Review Index:

NVIDIA GeForce 8800 GTX Review - DX10 and Unified Architecture

Author: Ryan Shrout
Manufacturer: NVIDIA

DirectX 10

So the move to unified shaders is a requirement of DX10 as I mentioned before, but that's not all that has changed in the move to double-digits.  The goal from Microsoft's DX10 designers was mainly to improve the ease of programming and allow the designers to more easily implement improved graphics, effects and more.  Shader Model 4.0 is being introduced with some big enhancements and geometry shaders make their debut as well.  Another important note about DX10 is that it is much more strict on the hardware specifications -- with no more "cap bits" hardware vendors can't simply disable some DX10 features to qualify as DX10 hardware, as Intel did in many cases with DX9.

The updated DX10 pipeline looks a little something like this; new features are listed off to the right there.  Geometry shaders and stream output are two very important additions to the specification.  Geometry shaders will allow dynamic modifications of objects in the GPU (rather than the CPU) and will give game creators a boost in creativity.  Stream output allows the processing engine (GPU) that DX10 runs on to communicate within the GPU, effectively allowing the pipelines to communicate with each other by outputting to shared memory. 

The geometry shader is placed right after the vertex shader in the DX10 pipeline, allow the vertex data to setup the geomerty that may be modified by the new processing unit.  The input and output from the geometry shaders must follow the same basic types as points, lines or triangle strips, but the data has the possibility of being modified inside the shader to produce various effects.

Here are some examples of what designers might be able to do with geometry shaders; automatic shadow box generation and physical simulations are among the most powerful.  Real-time environment creation is a fantastic idea that could allow a game's replay value to be potentially limitless; imagine games where the world really DOESN'T end can be dynamically generated on the fly by the gamer's GPUs to be different than any other gamer's.

Stream output is the other new addition to the DX10 pipeline and its importance will be seen in great detail through out this review and in the future months as more about NVIDIA's processing potential is revealed.  Strictly for gaming, stream output allows for a mid-phase memory write by the processing engine to store geometry or vertex shader data.  By enabling multi-pass operations, programmers can now do recursion (the bane of my undergraduate years...) as well as numerous other "tricks" to improve their software.

Maybe you remember a thing called physics?  It's all the rage in gaming recently, and with the ability to output data to memory mid-phase in the processing pipeline, NVIDIA is going to be able to compete with AGEIA's hardware more directly as that ability to communicate between pipes is what gave AGEIA's PhysX engine a performance advantage.

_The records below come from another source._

(* Let $0<q<\tfrac13$, $\lambda>1$, $\Theta=(1/q)^{1/\lambda}$, and let $(\mathcal{Q}_n)_{n\in\mathbb{N}^+}$ be a sequence with $\mathcal{Q}_n\in10\mathbb{N}^+$, $\mathcal{Q}_{n+1}/\mathcal{Q}_n\in10\mathbb{N}^+$ for all $n$, and $\ell_1\exp(\Theta^n)\le\mathcal{Q}_n\le\ell_2\exp(\Theta^n)$ for some constants $0<\ell_1\le\ell_2$. Define \[ \mathscr{P}_{\mathscr{H}}(x_1,x_2,y_1,y_2)=\sum_{n=1}^\infty\frac{q^n}{\mathcal{Q}_n^6}\sin(\pi\mathcal{Q}_nx_1)+\sum_{n=1}^\infty\frac{q^n}{\mathcal{Q}_n^6}\sin(\pi\mathcal{Q}_ny_2). \] Then $\mathscr{P}_{\mathscr{H}}\in C^6(\mathbb{R}^4)$, and all its partial derivatives of order $6$ are $\lambda$-Logarithmic Hölder continuous: there are $C>0$ and $h_0\in(0,1)$ such that $|\partial^\alpha\mathscr{P}_{\mathscr{H}}(z+h)-\partial^\alpha\mathscr{P}_{\mathscr{H}}(z)|\le C(-\ln|h|)^{-\lambda}$ for all $|\alpha|=6$, $z\in\mathbb{R}^4$ and $0<|h|\le h_0$. However, the $6$-th order derivatives are nowhere Hölder continuous; more precisely, for $\mathscr{P}(x):=\sum_{n=1}^\infty q^n\sin(\pi\mathcal{Q}_nx)$ (so that $\partial_{x_1}^6\mathscr{P}_{\mathscr{H}}=-\pi^6\mathscr{P}(x_1)$), for every $x\in\mathbb{R}$ and every $\alpha\in(0,1)$ there is a sequence $\upsilon_m\to0$, $\upsilon_m\ne0$, with \[ \lim_{m\to\infty}\frac{|\mathscr{P}(x+\upsilon_m)-\mathscr{P}(x)|}{|\upsilon_m|^\alpha}=+\infty. \]
   Context: $|\cdot|$ is the sup-norm on $\mathbb{R}^4$. *)

theory Defs
  imports "HOL-Analysis.Analysis"
begin

definition partial :: "'n::finite \<Rightarrow> (real^'n \<Rightarrow> real) \<Rightarrow> real^'n \<Rightarrow> real" where
  "partial i f z = deriv (\<lambda>t. f (z + t *\<^sub>R axis i 1)) 0"

text \<open>Iterated partial derivative along a list of coordinate indices (a multi-index of order length).\<close>
definition iter_partial :: "'n::finite list \<Rightarrow> (real^'n \<Rightarrow> real) \<Rightarrow> real^'n \<Rightarrow> real" where
  "iter_partial is f = foldr partial is f"

fun Ck :: "nat \<Rightarrow> (real^'n::finite \<Rightarrow> real) \<Rightarrow> bool" where
  "Ck 0 f = continuous_on UNIV f"
| "Ck (Suc k) f = (continuous_on UNIV f \<and>
      (\<forall>i z. (\<lambda>t. f (z + t *\<^sub>R axis i 1)) differentiable (at 0)) \<and>
      (\<forall>i. Ck k (partial i f)))"

end

theory Submission
  imports Defs "HOL-Real_Asymp.Real_Asymp"
begin

text \<open>Differentiating termwise, every sixth-order partial derivative of PH is the sum of two
  functions of a single coordinate, each of them 0 or \<open>-pi^6 P\<close>, so everything reduces to the
  lacunary series \<open>P x = (\<Sum>n. q^n sin (pi Q_n x))\<close>.

  If \<open>|t| \<le> exp (-L)\<close>, split \<open>P (x + t) - P x\<close> at the first n with \<open>\<Theta>^n > L/2\<close>. The earlier
  terms are Lipschitz with constant at most \<open>pi Q_n \<le> pi l2 exp (L/2)\<close> and contribute
  \<open>O(exp (-L/2))\<close>, while the tail is \<open>O(q^n) = O(\<Theta>^(-lam n)) = O(L^(-lam))\<close>.

  Hoelder continuity fails: take \<open>\<upsilon> = e / (5 Q_n)\<close> with \<open>e \<in> {5, 1, -1}\<close>. As \<open>Q_k / Q_n\<close> is
  a multiple of 10 for \<open>k > n\<close>, all later terms vanish; a suitable e makes the n-th term at least
  \<open>c q^n\<close>; and the earlier terms are \<open>O(Q_(n-1) / Q_n)\<close>, which is doubly exponentially small.
  Since \<open>|\<upsilon>|^\<alpha> \<le> Q_n^(-\<alpha>)\<close> is doubly exponentially small as well, the difference quotients
  blow up.\<close>

section \<open>Partial derivatives of sums of one-variable functions of two coordinates\<close>

lemma has_real_derivative_separable_line:
  fixes A B A' B' :: "real \<Rightarrow> real" and z :: "real^'n"
  assumes "\<And>x. (A has_real_derivative A' x) (at x)"
    and "\<And>x. (B has_real_derivative B' x) (at x)"
  shows "((\<lambda>t. A ((z + t *\<^sub>R axis l 1) $ i) + B ((z + t *\<^sub>R axis l 1) $ j)) has_real_derivative
      (if l = i then A' else (\<lambda>_. 0)) (z $ i) + (if l = j then B' else (\<lambda>_. 0)) (z $ j)) (at 0)"
proof -
  have line: "((\<lambda>t. C ((z + t *\<^sub>R axis l 1) $ m)) has_real_derivative
      (if l = m then C' else (\<lambda>_. 0)) (z $ m)) (at 0)"
    if dC: "\<And>x. (C has_real_derivative C' x) (at x)" for C C' :: "real \<Rightarrow> real" and m
  proof (cases "l = m")
    case True
    have "((\<lambda>t. z $ m + t) has_real_derivative 1) (at 0)"
      by (auto intro!: derivative_eq_intros)
    from DERIV_chain2[OF _ this, of C "C' (z $ m)"] dC
    have "((\<lambda>t. C (z $ m + t)) has_real_derivative C' (z $ m)) (at 0)" by simp
    then show ?thesis using True by (simp add: axis_def)
  qed (simp add: axis_def)
  show ?thesis using line[OF assms(1), of i] line[OF assms(2), of j] by (rule DERIV_add)
qed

Another example of stream output at work is improved instancing -- where before you were limited to instancing items like grass that would all look the same and following the same paths, with stream output you can have instanced items that have individual "states" and attirbutes that allow programmers to use them for unique characters and items. 

For data junkies, this table summarizes up the changes moving from DX8 and Shader Model 1.0 to DX10 and the new SM4.0 specs. 

All of this new DX10 ability will allow programmers to do more than ever on the GPU, removing the CPU as a gaming bottleneck in many cases.  Here are a couple of examples: above we see an algorithm for human hair simulation.  Before, the majority of the physics and setup work was done on the CPU but now with the new options DX10 provides it can all be moved to the GPU.

Another example is using a stencil shadow algorithm (a popular method in current games) where most of the work previously relegated to the CPU can be moved to the GPU using DX10.

As an example of DX10 at work, this NVIDIA demo shows a landscape being created on the fly using geometry shaders with a particle system running only on the GPU to simulate the water running down the rock.  Oh, and the graphics are rendered on it too.